Step 2: Embrace a Continuous, but Measurable Learning Culture
Strategically aligning L&D initiatives with organizational objectives provides a meaningful platform that all can aim towards. Understanding current-state capabilities against future business needs, in a quantifiable manner, helps identify the sweet spots that generate the greatest traction. Here, leaders need to be adroit at calculating the costs required, but also assessing the tangible (i.e. building a team’s understanding of the latest Risk Best Practices) and intangible (i.e. developing a high performer to take on greater tasks) upside.
However, building talent development engines cannot be random. This needs a methodical approach with long vs short term trade-offs factoring in succession and performance management inputs. Developing such an engine ensures organizations can foster of a continuous learning culture where development is not just a tokenistic ‘nice-to-have’. Shell’s global LEAD (Lead-to-Engage-And-Deliver) Program is a renowned case of how individuals can grow together with the organization through a meaningful and strategic learning culture based focusing on the aspired ‘to-be’ state.
Step 3: Personalize Learning Experiences Aligned to Organizational Strategy
Enterprise driven talent engines are crucial for overcoming organizational inertia when it comes to growth. Within this, it is imperative that learning experiences are tailored based on resources, feasibility; and to also cater for diverse learning preferences. Enter the line-manager! Their role is vital in ensuring that performance, experience, and aspiration are captured and fed into the overall talent engine. With this vital data, the talent custodians can design and chart various pathways and laser-like interventions (i.e. formal vs informal, communities of excellence, mentoring etc.) that accelerate role-readiness, but also reduce costs related to talent acquisition. The results of which are greater organizational engagement, motivation, and performance.
Step 4: Iterate and Optimize Learning & Development
Carefully curated programs and the strategic engagement between Human Capital and all business functions ensures alignment with strategic organizational objectives. It also reduces the risks of “just-in-time” succession. However, decision-makers need to continuously assess the impact of their initiatives. Key metrics and the careful tracking of L&D interventions, aligned to individual and organizational performance become vital. Google’s “Geist” survey and extensive employee training programs through “Google University,” not only foster alignment with strategic goals but also mitigate the risks associated with “just-in-time” succession.
From a ‘nice-to-have’ to a strategic asset…

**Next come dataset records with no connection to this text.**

(* Let $p\in(2,3)$ and let $\beta=(\beta^1,\beta^2)$ be either the Itô or the Stratonovich enhanced Brownian motion over $d$-dimensional Brownian motion. Fix $i,j\in\{1,\dots,d\}$ and set $Z_{s,t}=\beta^{2,ij}_{s,t}/|t-s|^{2/p}$ for $0\le s<t\le1$ and $Z_{s,t}=0$ otherwise. Then there is a constant $c=c(p)$ such that for all $s,t,s',t'\in[0,1]$, $$E\big[|Z_{s,t}-Z_{s',t'}|^2\big]\le c\,\big[|s'-s|+|t'-t|\big]^{2(1-2/p)}.$$
   Context: Let $\omega$ be a $d$-dimensional Brownian motion on $[0,1]$ on Wiener space $(C([0,1],\mathbb{R}^d),\mu)$, with expectation $E$. Enhanced Brownian motion: $\beta^1_{s,t}=\omega_t-\omega_s$ and $\beta^{2,ij}_{s,t}=\int_s^t(\omega^i_r-\omega^i_s)\circ d\omega^j_r$ (Stratonovich) or $\int_s^t(\omega^i_r-\omega^i_s)\,d\omega^j_r$ (Itô), for $0\le s\le t\le 1$, taken in a version continuous in $(s,t)$. *)

theory Defs
  imports "HOL-Probability.Probability"
begin

definition brownian_motion ::
  "'a measure \<Rightarrow> nat \<Rightarrow> (nat \<Rightarrow> real \<Rightarrow> 'a \<Rightarrow> real) \<Rightarrow> bool" where
  "brownian_motion M d W \<longleftrightarrow>
     prob_space M \<and>
     (\<forall>i\<in>{1..d}. \<forall>t\<in>{0..1}. W i t \<in> borel_measurable M) \<and>
     (\<forall>i\<in>{1..d}. \<forall>\<omega>\<in>space M. W i 0 \<omega> = 0) \<and>
     (\<forall>i\<in>{1..d}. \<forall>\<omega>\<in>space M. continuous_on {0..1} (\<lambda>t. W i t \<omega>)) \<and>
     (\<forall>(n::nat) (ts::nat \<Rightarrow> real).
        (\<forall>k<n. ts k < ts (Suc k)) \<and> 0 \<le> ts 0 \<and> ts n \<le> 1 \<longrightarrow>
        prob_space.indep_vars M (\<lambda>_. borel)
          (\<lambda>(i, k) \<omega>. W i (ts (Suc k)) \<omega> - W i (ts k) \<omega>) ({1..d} \<times> {..<n}) \<and>
        (\<forall>i\<in>{1..d}. \<forall>k<n.
           distributed M lborel (\<lambda>\<omega>. W i (ts (Suc k)) \<omega> - W i (ts k) \<omega>)
             (\<lambda>x. ennreal (normal_density 0 (sqrt (ts (Suc k) - ts k)) x))))"

definition dyad :: "real \<Rightarrow> real \<Rightarrow> nat \<Rightarrow> nat \<Rightarrow> real" where
  "dyad s t n k = s + real k * (t - s) / 2 ^ n"

definition lvl2_sum ::
  "bool \<Rightarrow> (nat \<Rightarrow> real \<Rightarrow> 'a \<Rightarrow> real) \<Rightarrow> nat \<Rightarrow> nat \<Rightarrow> real \<Rightarrow> real \<Rightarrow> nat \<Rightarrow> 'a \<Rightarrow> real" where
  "lvl2_sum strat W i j s t n \<omega> =
     (\<Sum>k<2^n.
        ((if strat then (W i (dyad s t n k) \<omega> + W i (dyad s t n (Suc k)) \<omega>) / 2
          else W i (dyad s t n k) \<omega>) - W i s \<omega>)
        * (W j (dyad s t n (Suc k)) \<omega> - W j (dyad s t n k) \<omega>))"

text \<open>Second level of enhanced Brownian motion (strat = True: Stratonovich,
  strat = False: Ito), defined as the (almost sure) limit of the dyadic Riemann sums.\<close>
definition beta2 ::
  "bool \<Rightarrow> (nat \<Rightarrow> real \<Rightarrow> 'a \<Rightarrow> real) \<Rightarrow> nat \<Rightarrow> nat \<Rightarrow> real \<Rightarrow> real \<Rightarrow> 'a \<Rightarrow> real" where
  "beta2 strat W i j s t \<omega> = lim (\<lambda>n. lvl2_sum strat W i j s t n \<omega>)"

definition Zproc ::
  "real \<Rightarrow> bool \<Rightarrow> (nat \<Rightarrow> real \<Rightarrow> 'a \<Rightarrow> real) \<Rightarrow> nat \<Rightarrow> nat \<Rightarrow> real \<Rightarrow> real \<Rightarrow> 'a \<Rightarrow> real" where
  "Zproc p strat W i j s t \<omega> =
     (if 0 \<le> s \<and> s < t \<and> t \<le> 1 then beta2 strat W i j s t \<omega> / (t - s) powr (2 / p) else 0)"

end

(*
  Fix a finite grid refining the dyadic points of both intervals. A dyadic Riemann sum of the
  second level is a quadratic form in the independent Gaussian grid increments of W i and W j,
  with an explicit kernel K(x, y); by Isserlis' formula its second moment is at most the
  squared trace of K plus twice the squared discrete L^2 norm of K. The dyadic kernels differ
  from the simplex kernel of the iterated integral only on the diagonal dyadic blocks, of total
  area (t - s)^2 / 2^n. Hence consecutive dyadic sums are 2^(-n/2)-close in L^2, so they converge
  almost surely to beta2. For two normalised sums, with \<delta> = |s' - s| + |t' - t|: if one of
  the intervals has length at most 4 \<delta>, both lengths are at most 5 \<delta> and each sum is
  small on its own; otherwise the simplex kernels and the normalising powers of the two
  intervals differ by O(\<delta>), which gives the bound C \<delta>^(2 - 4/p) up to a 16/2^n error.
  Fatou's lemma carries the bound over to the limit.
*)

theory Submission
  imports Defs "HOL-Library.Multiset"
begin

lemma square_add_le: "((a::real) + b)\<^sup>2 \<le> 2 * (a\<^sup>2 + b\<^sup>2)"
proof -
  have "0 \<le> (a - b)\<^sup>2" by simp
  then show ?thesis by (simp add: power2_eq_square algebra_simps)
qed

lemma square_add4_le: "((a::real) + b + c + d)\<^sup>2 \<le> 4 * (a\<^sup>2 + b\<^sup>2 + c\<^sup>2 + d\<^sup>2)"
proof -
  have "0 \<le> (a - b)\<^sup>2 + (a - c)\<^sup>2 + (a - d)\<^sup>2 + (b - c)\<^sup>2 + (b - d)\<^sup>2 + (c - d)\<^sup>2" by simp
  then show ?thesis by (simp add: power2_eq_square algebra_simps)
qed

lemma abs_eq_max_minus_min: "\<bar>x - y\<bar> = max x y - min x y" for x y :: real
  by (simp add: abs_if max_def min_def)

lemma ratio_le_ratio_powr:
  fixes a b r :: real
  assumes "0 < a" "a \<le> b" "0 \<le> r" "r \<le> 1"
  shows "a / b \<le> (a / b) powr r"
proof -
  have "(a / b) powr 1 \<le> (a / b) powr r"
    using assms by (intro powr_mono') auto
  then show ?thesis using assms by simp
qed

lemma powr_diff_le:
  fixes a b r :: real
  assumes a: "0 < a" "a \<le> b" and r: "0 \<le> r" "r \<le> 1"
  shows "b powr r - a powr r \<le> b powr (r - 1) * (b - a)"
proof -
  have b: "0 < b" using a by simp
  have "b powr r * (a / b) \<le> b powr r * (a / b) powr r"
    using ratio_le_ratio_powr[OF a r] by (intro mult_left_mono) auto
  also have "\<dots> = a powr r" using a b by (simp add: powr_divide)
  finally have "b powr r - a powr r \<le> b powr r / b * (b - a)"
    using b by (simp add: field_simps)
  also have "b powr r / b = b powr (r - 1)" using b by (simp add: powr_diff)
  finally show ?thesis .
qed

lemma powr_neg_diff_le:
  fixes a b q :: real
  assumes a: "0 < a" "a \<le> b" and q: "0 \<le> q" "q \<le> 1"
  shows "a powr (-q) - b powr (-q) \<le> a powr (-q) * (b - a) / b"
proof -
  have b: "0 < b" using a by simp
  have "a powr (-q) * (a / b) \<le> a powr (-q) * (a / b) powr q"
    using ratio_le_ratio_powr[OF a q] by (intro mult_left_mono) auto
  also have "\<dots> = b powr (-q)" using a b by (simp add: powr_divide powr_minus field_simps)
  finally show ?thesis using b by (simp add: field_simps)
qed

lemma powr_neg_square: "(h powr (-q))\<^sup>2 = h powr (-2 * q)" for h q :: real
proof -
  have "(h powr (-q))\<^sup>2 = h powr (-q + -q)"
    unfolding power2_eq_square by (rule powr_add[symmetric])
  then show ?thesis by simp
qed

lemma powr_neg_times_square: "0 < h \<Longrightarrow> (h powr (-q))\<^sup>2 * h\<^sup>2 = h powr (2 - 2 * q)" for h q :: real
proof -
  assume h: "0 < h"
  have "(h powr (-q))\<^sup>2 * h\<^sup>2 = h powr (-2 * q) * h powr 2"
    using h powr_realpow[of h 2] by (simp add: powr_neg_square)
  also have "\<dots> = h powr (-2 * q + 2)" by (rule powr_add[symmetric])
  finally show ?thesis by simp
qed

lemma powr_neg_times_self: "0 < h \<Longrightarrow> h powr (-q) * h = h powr (1 - q)" for h q :: real
  by (simp add: powr_mult_base mult.commute)

lemma powr_neg_times_square_le:
  fixes m d q :: real
  assumes "0 < d" "d \<le> m" "0 \<le> q"
  shows "m powr (-2 * q) * d\<^sup>2 \<le> d powr (2 - 2 * q)"
proof -
  have "m powr (-2 * q) * d\<^sup>2 \<le> d powr (-2 * q) * d\<^sup>2"
    using assms by (intro mult_right_mono powr_mono2') auto
  also have "\<dots> = d powr (2 - 2 * q)"
    using powr_neg_times_square[OF assms(1), of q] by (simp add: powr_neg_square)
  finally show ?thesis .
qed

L&D Strategy requires organizations to implement an integrated full-court press. This involves placing long-term bets rather than using L&D as merely a ‘symbolic carrot’. Achieving this requires developing internal human capital aligned to current and future business needs. Embracing such a culture of continuous learning, requires managers to push the needle on how to grow their teams, but enabled and supported through the organization’s L&D infrastructure. This needs to be continuously measured and monitored, with leaders willing to course-correct and adjust as the business landscape evolves. Are you ready to change your Learning and Development game?